I have a data frame that looks like this. names and number of columns will NOT be consistent (sometimes 'C' will not be present, other times "D', 'E', 'F' may be present, etc.). The only consistent variable will always be Y, and I want to regress against Y.
# name and number of columns varies...so need flexible process
Y <- c(4, 4, 3, 4, 3, 2, 3, 2, 2, 3, 4, 4, 3, 4, 8, 6, 5, 4, 3, 6)
A <- c(1, 2, 1, 2, 3, 2, 1, 1, 1, 2, 1, 4, 3, 1, 2, 2, 1, 2, 4, 8)
B <- c(5, 6, 6, 5, 3, 7, 2, 1, 1, 2, 7, 4, 7, 8, 5, 7, 6, 6, 4, 7)
C <- c(9, 1, 2, 2, 1, 4, 5, 6, 7, 8, 89, 9, 7, 6, 5, 6, 8, 9 , 67, 6)
YABC <- data.frame(Y, A, B, C)
I want to loop through each variable and collect output from regression model.
This process creates the desired output, but only for this specific iteration.

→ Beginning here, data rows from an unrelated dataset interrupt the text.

lemma L2_add:
  assumes f: "L2 \<Omega> f" and g: "L2 \<Omega> g"
  shows "L2 \<Omega> (\<lambda>x. f x + g x)"
proof -
  have "integrable (lebesgue_on \<Omega>) (\<lambda>x. (f x)^2 + 2 * (f x * g x) + (g x)^2)"
    using L2_integrable_power2[OF f] L2_integrable_power2[OF g] L2_integrable_mult[OF f g] by simp
  then show ?thesis
    using L2_measurable[OF f] L2_measurable[OF g] by (simp add: L2_def power2_sum ac_simps)
qed

lemma L2_scale: "L2 \<Omega> f \<Longrightarrow> L2 \<Omega> (\<lambda>x. c * f x)"
  using L2_measurable L2_integrable_power2 by (fastforce simp: L2_def power_mult_distrib)

lemma L2_diff: "L2 \<Omega> f \<Longrightarrow> L2 \<Omega> g \<Longrightarrow> L2 \<Omega> (\<lambda>x. f x - g x)"
  using L2_add[of \<Omega> f "\<lambda>x. (-1) * g x"] L2_scale[of \<Omega> g "-1"] by simp

lemma L2_sum: "finite S \<Longrightarrow> (\<And>i. i \<in> S \<Longrightarrow> L2 \<Omega> (f i)) \<Longrightarrow> L2 \<Omega> (\<lambda>x. \<Sum>i\<in>S. f i x)"
proof (induction S rule: finite_induct)
  case empty
  then show ?case by (simp add: L2_def)
next
  case (insert a S)
  then show ?case by (simp add: L2_add)
qed

lemma abs_le_imp_power2_le: "\<bar>h\<bar> \<le> (C::real) \<Longrightarrow> h^2 \<le> C^2"
  by (meson abs_ge_zero order_trans power2_le_iff_abs_le)

lemma L2_mult_bounded:
  assumes f: "L2 \<Omega> f" and h: "h \<in> borel_measurable (lebesgue_on \<Omega>)"
    and bound: "AE x in lebesgue_on \<Omega>. \<bar>h x\<bar> \<le> C"
  shows "L2 \<Omega> (\<lambda>x. h x * f x)"
  unfolding L2_def
proof
  show "(\<lambda>x. h x * f x) \<in> borel_measurable (lebesgue_on \<Omega>)" using L2_measurable[OF f] h by simp
  show "integrable (lebesgue_on \<Omega>) (\<lambda>x. (h x * f x)^2)"
  proof (rule Bochner_Integration.integrable_bound)
    show "integrable (lebesgue_on \<Omega>) (\<lambda>x. C^2 * (f x)^2)" using L2_integrable_power2[OF f] by simp
    show "(\<lambda>x. (h x * f x)^2) \<in> borel_measurable (lebesgue_on \<Omega>)" using L2_measurable[OF f] h by simp
    show "AE x in lebesgue_on \<Omega>. norm ((h x * f x)^2) \<le> norm (C^2 * (f x)^2)"
      using bound by eventually_elim (simp add: power_mult_distrib abs_le_imp_power2_le mult_right_mono)
  qed
qed

lemma ip_commute: "ip \<Omega> f g = ip \<Omega> g f"
  by (simp add: ip_def mult.commute)

lemma ip_self_nonneg: "0 \<le> ip \<Omega> f f"
  unfolding ip_def by (rule integral_nonneg_AE) simp

lemma nrm_nonneg: "0 \<le> nrm \<Omega> f"
  by (simp add: nrm_def ip_self_nonneg)

lemma nrm_power2: "(nrm \<Omega> f)^2 = ip \<Omega> f f"
  using ip_self_nonneg[of \<Omega> f] by (simp add: nrm_def)

lemma ip_self_expand:
  assumes f: "L2 \<Omega> f" and g: "L2 \<Omega> g"
  shows "ip \<Omega> (\<lambda>x. a * f x + b * g x) (\<lambda>x. a * f x + b * g x)
    = a^2 * ip \<Omega> f f + 2 * a * b * ip \<Omega> f g + b^2 * ip \<Omega> g g"
proof -
  have "ip \<Omega> (\<lambda>x. a * f x + b * g x) (\<lambda>x. a * f x + b * g x)
      = (\<integral>x. a^2 * (f x * f x) + (2 * a * b) * (f x * g x) + b^2 * (g x * g x) \<partial>lebesgue_on \<Omega>)"
    unfolding ip_def by (rule Bochner_Integration.integral_cong) (simp_all add: power2_eq_square algebra_simps)
  also have "\<dots> = a^2 * ip \<Omega> f f + 2 * a * b * ip \<Omega> f g + b^2 * ip \<Omega> g g"
    using L2_integrable_mult[OF f f] L2_integrable_mult[OF f g] L2_integrable_mult[OF g g]
    by (simp add: ip_def)
  finally show ?thesis .
qed

lemma ip_Cauchy_Schwarz:
  assumes f: "L2 \<Omega> f" and g: "L2 \<Omega> g"
  shows "\<bar>ip \<Omega> f g\<bar> \<le> nrm \<Omega> f * nrm \<Omega> g"
proof -
  have "0 \<le> ip \<Omega> f f + 2 * t * ip \<Omega> f g + t^2 * ip \<Omega> g g" for t
    using ip_self_nonneg[of \<Omega> "\<lambda>x. 1 * f x + t * g x"] ip_self_expand[OF f g, of 1 t] by simp
  then have "(ip \<Omega> f g)^2 \<le> ip \<Omega> f f * ip \<Omega> g g"
    by (intro quadratic_nonneg_imp_discriminant_le ip_self_nonneg)
  then have "sqrt ((ip \<Omega> f g)^2) \<le> sqrt (ip \<Omega> f f * ip \<Omega> g g)" by (rule real_sqrt_le_mono)
  then show ?thesis by (simp add: nrm_def real_sqrt_mult)
qed

lemma nrm_triangle:
  assumes f: "L2 \<Omega> f" and g: "L2 \<Omega> g"
  shows "nrm \<Omega> (\<lambda>x. f x + g x) \<le> nrm \<Omega> f + nrm \<Omega> g"
proof -
  have "(nrm \<Omega> (\<lambda>x. f x + g x))^2 = ip \<Omega> f f + 2 * ip \<Omega> f g + ip \<Omega> g g"
    using ip_self_expand[OF f g, of 1 1] by (simp add: nrm_power2)
  also have "\<dots> \<le> (nrm \<Omega> f + nrm \<Omega> g)^2"
    using ip_Cauchy_Schwarz[OF f g] by (simp add: power2_sum nrm_power2)
  finally show ?thesis using nrm_nonneg power2_le_imp_le by (metis add_nonneg_nonneg)
qed

lemma nrm_scale: "nrm \<Omega> (\<lambda>x. c * f x) = \<bar>c\<bar> * nrm \<Omega> f"
proof -
  have "ip \<Omega> (\<lambda>x. c * f x) (\<lambda>x. c * f x) = c^2 * ip \<Omega> f f"
    unfolding ip_def by (simp add: power2_eq_square algebra_simps)
  then show ?thesis by (simp add: nrm_def real_sqrt_mult)
qed

lemma nrm_mult_bounded_le:
  assumes f: "L2 \<Omega> f" and h: "h \<in> borel_measurable (lebesgue_on \<Omega>)"
    and bound: "AE x in lebesgue_on \<Omega>. \<bar>h x\<bar> \<le> C"
  shows "nrm \<Omega> (\<lambda>x. h x * f x) \<le> \<bar>C\<bar> * nrm \<Omega> f"
proof -
  have "ip \<Omega> (\<lambda>x. h x * f x) (\<lambda>x. h x * f x) \<le> (\<integral>x. C^2 * (f x * f x) \<partial>lebesgue_on \<Omega>)"
    unfolding ip_def
  proof (rule integral_mono_AE)
    show "integrable (lebesgue_on \<Omega>) (\<lambda>x. h x * f x * (h x * f x))"
      by (rule L2_integrable_mult[OF L2_mult_bounded[OF f h bound] L2_mult_bounded[OF f h bound]])
    show "integrable (lebesgue_on \<Omega>) (\<lambda>x. C^2 * (f x * f x))" using L2_integrable_mult[OF f f] by simp
    show "AE x in lebesgue_on \<Omega>. h x * f x * (h x * f x) \<le> C^2 * (f x * f x)"
      using bound by eventually_elim
        (simp add: abs_le_imp_power2_le mult_right_mono power2_eq_square[symmetric] power_mult_distrib)
  qed
  also have "\<dots> = C^2 * ip \<Omega> f f" by (simp add: ip_def)
  finally have "sqrt (ip \<Omega> (\<lambda>x. h x * f x) (\<lambda>x. h x * f x)) \<le> sqrt (C^2 * ip \<Omega> f f)"
    by (rule real_sqrt_le_mono)
  then show ?thesis by (simp add: nrm_def real_sqrt_mult)
qed

lemma ip_diff_expand:
  assumes a: "L2 \<Omega> a" and b: "L2 \<Omega> b" and a': "L2 \<Omega> a'" and b': "L2 \<Omega> b'"
  shows "ip \<Omega> a' b' - ip \<Omega> a b = ip \<Omega> (\<lambda>x. a' x - a x) (\<lambda>x. b' x - b x)
    + ip \<Omega> (\<lambda>x. a' x - a x) b + ip \<Omega> a (\<lambda>x. b' x - b x)"
proof -
  have da: "L2 \<Omega> (\<lambda>x. a' x - a x)" and db: "L2 \<Omega> (\<lambda>x. b' x - b x)"
    using L2_diff a b a' b' by blast+
  have "ip \<Omega> a' b' - ip \<Omega> a b = (\<integral>x. a' x * b' x - a x * b x \<partial>lebesgue_on \<Omega>)"
    using L2_integrable_mult[OF a' b'] L2_integrable_mult[OF a b] by (simp add: ip_def)
  also have "\<dots> = (\<integral>x. (a' x - a x) * (b' x - b x) + (a' x - a x) * b x
      + a x * (b' x - b x) \<partial>lebesgue_on \<Omega>)"
    by (rule Bochner_Integration.integral_cong) (simp_all add: algebra_simps)
  also have "\<dots> = ip \<Omega> (\<lambda>x. a' x - a x) (\<lambda>x. b' x - b x)
      + ip \<Omega> (\<lambda>x. a' x - a x) b + ip \<Omega> a (\<lambda>x. b' x - b x)"
    using L2_integrable_mult[OF da db] L2_integrable_mult[OF da b] L2_integrable_mult[OF a db]
    by (simp add: ip_def)
  finally show ?thesis .
qed

lemma ip_tendsto:
  assumes a: "L2 \<Omega> a" and b: "L2 \<Omega> b" and an: "\<And>n. L2 \<Omega> (an n)" and bn: "\<And>n. L2 \<Omega> (bn n)"
    and lim_a: "(\<lambda>n. nrm \<Omega> (\<lambda>x. an n x - a x)) \<longlonglongrightarrow> 0"
    and lim_b: "(\<lambda>n. nrm \<Omega> (\<lambda>x. bn n x - b x)) \<longlonglongrightarrow> 0"
  shows "(\<lambda>n. ip \<Omega> (an n) (bn n)) \<longlonglongrightarrow> ip \<Omega> a b"
proof -
  define ea where "ea n = nrm \<Omega> (\<lambda>x. an n x - a x)" for n
  define eb where "eb n = nrm \<Omega> (\<lambda>x. bn n x - b x)" for n
  define e where "e n = ea n * eb n + ea n * nrm \<Omega> b + nrm \<Omega> a * eb n" for n
  have bound: "norm (ip \<Omega> (an n) (bn n) - ip \<Omega> a b) \<le> e n" for n
  proof -
    have da: "L2 \<Omega> (\<lambda>x. an n x - a x)" and db: "L2 \<Omega> (\<lambda>x. bn n x - b x)"
      using L2_diff an bn a b by blast+
    show ?thesis
      using ip_diff_expand[OF a b an[of n] bn[of n]] ip_Cauchy_Schwarz[OF da db] ip_Cauchy_Schwarz[OF da b]
        ip_Cauchy_Schwarz[OF a db]
      unfolding e_def ea_def eb_def real_norm_def by linarith
  qed
  have "e \<longlonglongrightarrow> 0 * 0 + 0 * nrm \<Omega> b + nrm \<Omega> a * 0"
    unfolding e_def using lim_a lim_b unfolding ea_def[symmetric] eb_def[symmetric]
    by (intro tendsto_intros)
  then have "e \<longlonglongrightarrow> 0" by simp
  then have "(\<lambda>n. ip \<Omega> (an n) (bn n) - ip \<Omega> a b) \<longlonglongrightarrow> 0"
    by (rule Lim_null_comparison[rotated]) (use bound in \<open>auto intro: always_eventually\<close>)
  then show ?thesis by (rule LIM_zero_cancel)
qed

lemma L2_mult_Linf: "Linf \<Omega> h \<Longrightarrow> L2 \<Omega> f \<Longrightarrow> L2 \<Omega> (\<lambda>x. h x * f x)"
  unfolding Linf_def using L2_mult_bounded by blast

lemma L2_mult_Linf_tendsto:
  assumes h: "Linf \<Omega> h" and f: "L2 \<Omega> f" and fn: "\<And>n. L2 \<Omega> (fn n)"
    and lim: "(\<lambda>n. nrm \<Omega> (\<lambda>x. fn n x - f x)) \<longlonglongrightarrow> 0"
  shows "(\<lambda>n. nrm \<Omega> (\<lambda>x. h x * fn n x - h x * f x)) \<longlonglongrightarrow> 0"
proof -
  obtain C where C: "AE x in lebesgue_on \<Omega>. \<bar>h x\<bar> \<le> C" using h by (auto simp: Linf_def)
  have bound: "nrm \<Omega> (\<lambda>x. h x * fn n x - h x * f x) \<le> \<bar>C\<bar> * nrm \<Omega> (\<lambda>x. fn n x - f x)" for n
    using nrm_mult_bounded_le[OF L2_diff[OF fn f] _ C] h by (simp add: Linf_def right_diff_distrib)
  show ?thesis
  proof (rule tendsto_sandwich[OF _ _ tendsto_const tendsto_mult_right_zero[OF lim]])
    show "\<forall>\<^sub>F n in sequentially. 0 \<le> nrm \<Omega> (\<lambda>x. h x * fn n x - h x * f x)"
      by (simp add: nrm_nonneg)
    show "\<forall>\<^sub>F n in sequentially. nrm \<Omega> (\<lambda>x. h x * fn n x - h x * f x)
        \<le> \<bar>C\<bar> * nrm \<Omega> (\<lambda>x. fn n x - f x)"
      using bound by simp
  qed
qed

model_A <- lm(Y ~ A, YABC)
ID <- 'A'
rsq <- summary(model_A)$r.squared
adj_rsq <- summary(model_A)$adj.r.squared
sig <- summary(model_A)$sigma
datA <- data.frame(ID, rsq, adj_rsq, sig)
model_B <- lm(Y ~ B, YABC)
ID <- 'B'
rsq <- summary(model_B)$r.squared
adj_rsq <- summary(model_B)$adj.r.squared
sig <- summary(model_B)$sigma
datB <- data.frame(ID, rsq, adj_rsq, sig)
model_C <- lm(Y ~ C, YABC)
ID <- 'C'
rsq <- summary(model_C)$r.squared
adj_rsq <- summary(model_C)$adj.r.squared
sig <- summary(model_C)$sigma
datC <- data.frame(ID, rsq, adj_rsq, sig)
output <- rbind(datA, datB, datC)
How can I wrap this in a loop or some other process that will account for varied number and name of columns? Here is my attempt...yes I know it's not right, just me conceptualizing the kind of capability I'd like.
# initialize data frame
output__ <- data.frame(ID__ = as.character(),
rsq__ = as.numeric(),
adj_rsq__ = as.numeric(),
sig__ = as.numeric())
# loop through A, then B, then C
for(i in A:C) {
model_[i] <- lm(Y ~ [i], YABC)
ID <- '[i]'
rsq <- summary(model_[i])$r.squared
adj_rsq <- summary(model_[i])$adj.r.squared
sig <- summary(model_[i])$sigma
data__temp <- (ID__, rsq__, adj_rsq__, sig__)
data__ <- rbind(data__, data__temp)
}
Using @BigDataScientist approach...here is the solution I went with.
# initialize data frame
data__ <- data.frame(ID__ = as.character(),
rsq__ = as.numeric(),
adj_rsq__ = as.numeric(),
sig__ = as.numeric())
# loop through A, then B, then C
for(char in names(YABC)[-1]){
model <- lm(as.formula(paste("Y ~ ", char)), YABC)
ID__ <- paste(char)
rsq__ <- summary(model)$r.squared
adj_rsq__ <- summary(model)$adj.r.squared
sig__ <- summary(model)$sigma
data__temp <- data.frame(ID__, rsq__, adj_rsq__, sig__)
data__ <- rbind(data__, data__temp)
}